(* Let $n\ge1$. The Chabauty space $\mathcal{C}(\mathbf{Z}\times\mathbf{Z}/n\mathbf{Z})$ is homeomorphic to $\overline{\mathbf{N}}\times[d(n)]$, the accumulation points corresponding to the subgroups $\{0\}\times\langle m\rangle$, with $m$ a positive divisor of $n$.
   Context: For a discrete group $G$, $\mathcal{C}(G)$ is the set of subgroups of $G$ with the Chabauty topology (the topology induced by the product topology on $\{0,1\}^G$). $\overline{\mathbf{N}}=\mathbf{N}\cup\{\infty\}$ is the one-point compactification of $\mathbf{N}$, $[k]=\{1,\dots,k\}$ (discrete), $d(n)$ is the number of positive divisors of $n$, and $\langle m\rangle$ is the subgroup of $\mathbf{Z}/n\mathbf{Z}$ generated by the class of $m$. *)

theory Defs
  imports "HOL-Analysis.Analysis" "HOL-Algebra.Algebra" "HOL-Library.Extended_Real"
begin

definition chabauty_topology :: "('a, 'b) monoid_scheme \<Rightarrow> 'a set topology" where
  "chabauty_topology G =
     pullback_topology {H. subgroup H G} (\<lambda>H. \<lambda>g\<in>carrier G. g \<in> H)
       (product_topology (\<lambda>_. discrete_topology (UNIV :: bool set)) (carrier G))"

definition Z_times_Zn :: "nat \<Rightarrow> (int \<times> int) monoid" where
  "Z_times_Zn n = integer_group \<times>\<times> integer_mod_group n"

definition num_divisors :: "nat \<Rightarrow> nat" where
  "num_divisors n = card {m. m dvd n}"

end

theory Submission
  imports Defs
begin

(* Every subgroup H of Z x Z/n is the reduction of a subgroup L of Z^2 containing (0, n), and every
   subgroup of Z^2 is generated by (d, a) and (0, m) with d, m >= 0 and 0 <= a < m (Hermite normal
   form); here m divides n.  So the subgroups of Z x Z/n are indexed by a divisor m of n together
   with either d = 0 (then H = {0} x <m>), or d > 0 and a residue a mod m, which are enumerated by
   k = (d - 1) m + a.  Whether (x, y) lies in H does not depend on (d, a) once d > |x|, so as k tends
   to infinity these subgroups converge to {0} x <m>.  This defines a continuous bijection from the
   compact space N-bar x [d(n)] onto the Hausdorff Chabauty space, hence a homeomorphism, and the
   accumulation points are the images of the points (infinity, m). *)

section \<open>Subgroups of Z and of Z x Z\<close>

lemma int_pow_integer_group_DirProd:
  "(x, y) [^]\<^bsub>integer_group \<times>\<times> integer_group\<^esub> (k::int) = (k * x, k * y)"
proof -
  have nat_pow: "(x, y) [^]\<^bsub>integer_group \<times>\<times> integer_group\<^esub> (j::nat) = (int j * x, int j * y)" for j
    by (induction j) (auto simp: algebra_simps)
  show ?thesis
    by (simp add: int_pow_def2 nat_pow)
qed

lemma pair_subgroup_add:
  "subgroup L (integer_group \<times>\<times> integer_group) \<Longrightarrow> (x, y) \<in> L \<Longrightarrow> (x', y') \<in> L \<Longrightarrow> (x + x', y + y') \<in> L"
  using subgroup.m_closed by fastforce

lemma pair_subgroup_smult:
  "subgroup L (integer_group \<times>\<times> integer_group) \<Longrightarrow> (x, y) \<in> L \<Longrightarrow> (k * x, k * y) \<in> L"
  using group.subgroup_int_pow_closed[OF DirProd_group, of integer_group integer_group L "(x, y)" k]
  by (simp add: int_pow_integer_group_DirProd)

lemma pair_subgroup_neg:
  "subgroup L (integer_group \<times>\<times> integer_group) \<Longrightarrow> (x, y) \<in> L \<Longrightarrow> (- x, - y) \<in> L"
  using subgroup.m_inv_closed by fastforce

lemma subgroup_integer_group_eq_dvd:
  assumes S: "subgroup S integer_group"
  obtains g where "g \<ge> 0" "S = {x. g dvd x}"
proof (cases "S = {0}")
  case True
  then show ?thesis by (intro that[of 0]) auto
next
  case False
  have mult_closed: "k * x \<in> S" if "x \<in> S" for x k
    using group.subgroup_int_pow_closed[OF group_integer_group S that, of k] by simp
  obtain x where x: "x \<in> S" "x \<noteq> 0"
    using False subgroup.one_closed[OF S] by auto
  have "\<bar>x\<bar> \<in> S"
    using mult_closed[OF x(1), of "sgn x"] by (simp add: abs_sgn mult.commute)
  then have "nat \<bar>x\<bar> > 0 \<and> int (nat \<bar>x\<bar>) \<in> S"
    using x(2) by simp
  then have "\<exists>j. j > 0 \<and> int j \<in> S" ..
  define g where "g = (LEAST j. j > 0 \<and> int j \<in> S)"
  have g: "g > 0" "int g \<in> S"
    using LeastI_ex[OF \<open>\<exists>j. j > 0 \<and> int j \<in> S\<close>] by (simp_all add: g_def)
  have g_least: "g \<le> i" if "i > 0" "int i \<in> S" for i
    using that by (simp add: g_def Least_le)
  have "S = {x. int g dvd x}"
  proof safe
    fix y assume y: "y \<in> S"
    have "y mod int g = y + (- (y div int g)) * int g"
      by (simp add: minus_div_mult_eq_mod[symmetric])
    also have "\<dots> \<in> S"
      using subgroup.m_closed[OF S y mult_closed[OF g(2), of "- (y div int g)"]] by simp
    finally have "y mod int g \<in> S" .
    moreover have "0 \<le> y mod int g" "y mod int g < int g"
      using g(1) by simp_all
    ultimately have "y mod int g = 0"
      using g_least[of "nat (y mod int g)"] by (cases "y mod int g = 0") auto
    then show "int g dvd y" by presburger
  next
    fix y assume "int g dvd y"
    then show "y \<in> S" using mult_closed[OF g(2)] by (auto simp: mult.commute)
  qed
  then show ?thesis by (intro that[of "int g"]) auto
qed

definition int_lattice :: "int \<Rightarrow> int \<Rightarrow> int \<Rightarrow> (int \<times> int) set" where
  "int_lattice m d a = {(d * k, k * a + m * l) | k l. True}"

lemma mem_int_lattice_iff: "p \<in> int_lattice m d a \<longleftrightarrow> (\<exists>k l. p = (d * k, k * a + m * l))"
  by (simp add: int_lattice_def)

lemma subgroup_int_lattice: "subgroup (int_lattice m d a) (integer_group \<times>\<times> integer_group)"
proof (rule group.subgroupI)
  show "int_lattice m d a \<noteq> {}"
    by (auto simp: int_lattice_def)
  show "inv\<^bsub>integer_group \<times>\<times> integer_group\<^esub> p \<in> int_lattice m d a" if p: "p \<in> int_lattice m d a" for p
  proof -
    obtain k l where "p = (d * k, k * a + m * l)"
      using p by (auto simp: mem_int_lattice_iff)
    then have "inv\<^bsub>integer_group \<times>\<times> integer_group\<^esub> p = (d * (-k), (-k) * a + m * (-l))"
      by simp
    then show ?thesis
      unfolding mem_int_lattice_iff by blast
  qed
  show "p \<otimes>\<^bsub>integer_group \<times>\<times> integer_group\<^esub> q \<in> int_lattice m d a"
    if pq: "p \<in> int_lattice m d a" "q \<in> int_lattice m d a" for p q
  proof -
    obtain k l k' l' where "p = (d * k, k * a + m * l)" "q = (d * k', k' * a + m * l')"
      using pq by (auto simp: mem_int_lattice_iff)
    then have "p \<otimes>\<^bsub>integer_group \<times>\<times> integer_group\<^esub> q = (d * (k + k'), (k + k') * a + m * (l + l'))"
      by (simp add: algebra_simps)
    then show ?thesis
      unfolding mem_int_lattice_iff by blast
  qed
qed (auto intro: DirProd_group)

lemma int_lattice_mod: "int_lattice m d (a mod m) = int_lattice m d a"
proof (intro equalityI subsetI)
  fix p assume "p \<in> int_lattice m d (a mod m)"
  then obtain k l where "p = (d * k, k * (a mod m) + m * l)"
    by (auto simp: mem_int_lattice_iff)
  moreover have "k * (a mod m) + m * l = k * a + m * (l - k * (a div m))"
    by (simp add: algebra_simps minus_div_mult_eq_mod[symmetric])
  ultimately show "p \<in> int_lattice m d a"
    unfolding mem_int_lattice_iff by blast
next
  fix p assume "p \<in> int_lattice m d a"
  then obtain k l where "p = (d * k, k * a + m * l)"
    by (auto simp: mem_int_lattice_iff)
  moreover have "k * a + m * l = k * (a mod m) + m * (l + k * (a div m))"
    by (simp add: algebra_simps minus_div_mult_eq_mod[symmetric])
  ultimately show "p \<in> int_lattice m d (a mod m)"
    unfolding mem_int_lattice_iff by blast
qed

lemma subgroup_column_pair_subgroup:
  assumes L: "subgroup L (integer_group \<times>\<times> integer_group)"
  shows "subgroup {y. (0, y) \<in> L} integer_group"
proof (rule group.subgroupI)
  fix y y' assume "y \<in> {y. (0, y) \<in> L}" "y' \<in> {y. (0, y) \<in> L}"
  then have "(- 0, - y) \<in> L" "(0 + 0, y + y') \<in> L"
    by (blast intro: pair_subgroup_neg[OF L] pair_subgroup_add[OF L])+
  then show "inv\<^bsub>integer_group\<^esub> y \<in> {y. (0, y) \<in> L}"
    and "y \<otimes>\<^bsub>integer_group\<^esub> y' \<in> {y. (0, y) \<in> L}"
    by simp_all
qed (use subgroup.one_closed[OF L] in auto)

lemma subgroup_fst_image_pair_subgroup:
  assumes L: "subgroup L (integer_group \<times>\<times> integer_group)"
  shows "subgroup (fst ` L) integer_group"
proof (rule group.subgroupI)
  fix x x' assume "x \<in> fst ` L" and "x' \<in> fst ` L"
  then obtain y y' where "(x, y) \<in> L" "(x', y') \<in> L"
    by force
  then have "(- x, - y) \<in> L" "(x + x', y + y') \<in> L"
    using pair_subgroup_neg[OF L] pair_subgroup_add[OF L] by blast+
  then show "inv\<^bsub>integer_group\<^esub> x \<in> fst ` L" "x \<otimes>\<^bsub>integer_group\<^esub> x' \<in> fst ` L"
    by (simp_all add: rev_image_eqI)
qed (use subgroup.one_closed[OF L] in force)+

lemma subgroup_integer_group_DirProd_eq_int_lattice:
  assumes L: "subgroup L (integer_group \<times>\<times> integer_group)"
  obtains m d a where "m \<ge> 0" "d \<ge> 0" "d = 0 \<Longrightarrow> a = 0" "m > 0 \<Longrightarrow> 0 \<le> a \<and> a < m"
    "L = int_lattice m d a"
proof -
  note add = pair_subgroup_add[OF L] and mult = pair_subgroup_smult[OF L]
  obtain m where m: "m \<ge> 0" and column: "\<And>y. (0, y) \<in> L \<longleftrightarrow> m dvd y"
    by (rule subgroup_integer_group_eq_dvd[OF subgroup_column_pair_subgroup[OF L]]) blast
  obtain d where d: "d \<ge> 0" and projection: "\<And>x. x \<in> fst ` L \<longleftrightarrow> d dvd x"
    by (rule subgroup_integer_group_eq_dvd[OF subgroup_fst_image_pair_subgroup[OF L]]) blast
  have "d \<in> fst ` L"
    using projection by simp
  then obtain a where a: "(d, a) \<in> L"
    by auto
  have "L = int_lattice m d a"
  proof (intro equalityI subsetI)
    fix p assume p: "p \<in> L"
    obtain x y where xy: "p = (x, y)" by force
    have "x \<in> fst ` L"
      using rev_image_eqI[OF p, of x fst] xy by simp
    then obtain k where k: "x = d * k"
      using projection by (auto elim: dvdE)
    have "(x + (- k) * d, y + (- k) * a) \<in> L"
      using add[OF p[unfolded xy] mult[OF a, of "- k"]] .
    then have "m dvd y - k * a"
      using k column by (simp add: algebra_simps)
    then obtain l where "y = k * a + m * l"
      by (metis dvd_def diff_add_cancel add.commute)
    then show "p \<in> int_lattice m d a"
      using xy k by (auto simp: mem_int_lattice_iff)
  next
    fix p assume "p \<in> int_lattice m d a"
    then obtain k l where p: "p = (d * k, k * a + m * l)"
      by (auto simp: mem_int_lattice_iff)
    have "(0, m) \<in> L"
      using column by simp
    from add[OF mult[OF a, of k] mult[OF this, of l]] show "p \<in> L"
      by (simp add: p mult.commute)
  qed
  moreover have "a mod m = 0" if "d = 0"
    using a column that by simp
  moreover have "0 \<le> a mod m \<and> a mod m < m" if "m > 0"
    using that by simp
  ultimately show ?thesis
    using that[of m d "a mod m"] m d by (simp add: int_lattice_mod)
qed

lemma mem_int_lattice_0_iff: "(x, y) \<in> int_lattice m 0 0 \<longleftrightarrow> x = 0 \<and> m dvd y"
  by (auto simp: mem_int_lattice_iff dvd_def)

» **EXERCISE DESCRIPTION**:
The expected answer is the lines from the one containing "from add[OF mult[OF" through the end of the material, reproduced exactly with both ends kept.

» **YOUR RESPONSE**:
    from add[OF mult[OF a, of k] mult[OF this, of l]] show "p \<in> L"
      by (simp add: p mult.commute)
  qed
  moreover have "a mod m = 0" if "d = 0"
    using a column that by simp
  moreover have "0 \<le> a mod m \<and> a mod m < m" if "m > 0"
    using that by simp
  ultimately show ?thesis
    using that[of m d "a mod m"] m d by (simp add: int_lattice_mod)
qed

lemma mem_int_lattice_0_iff: "(x, y) \<in> int_lattice m 0 0 \<longleftrightarrow> x = 0 \<and> m dvd y"
  by (auto simp: mem_int_lattice_iff dvd_def)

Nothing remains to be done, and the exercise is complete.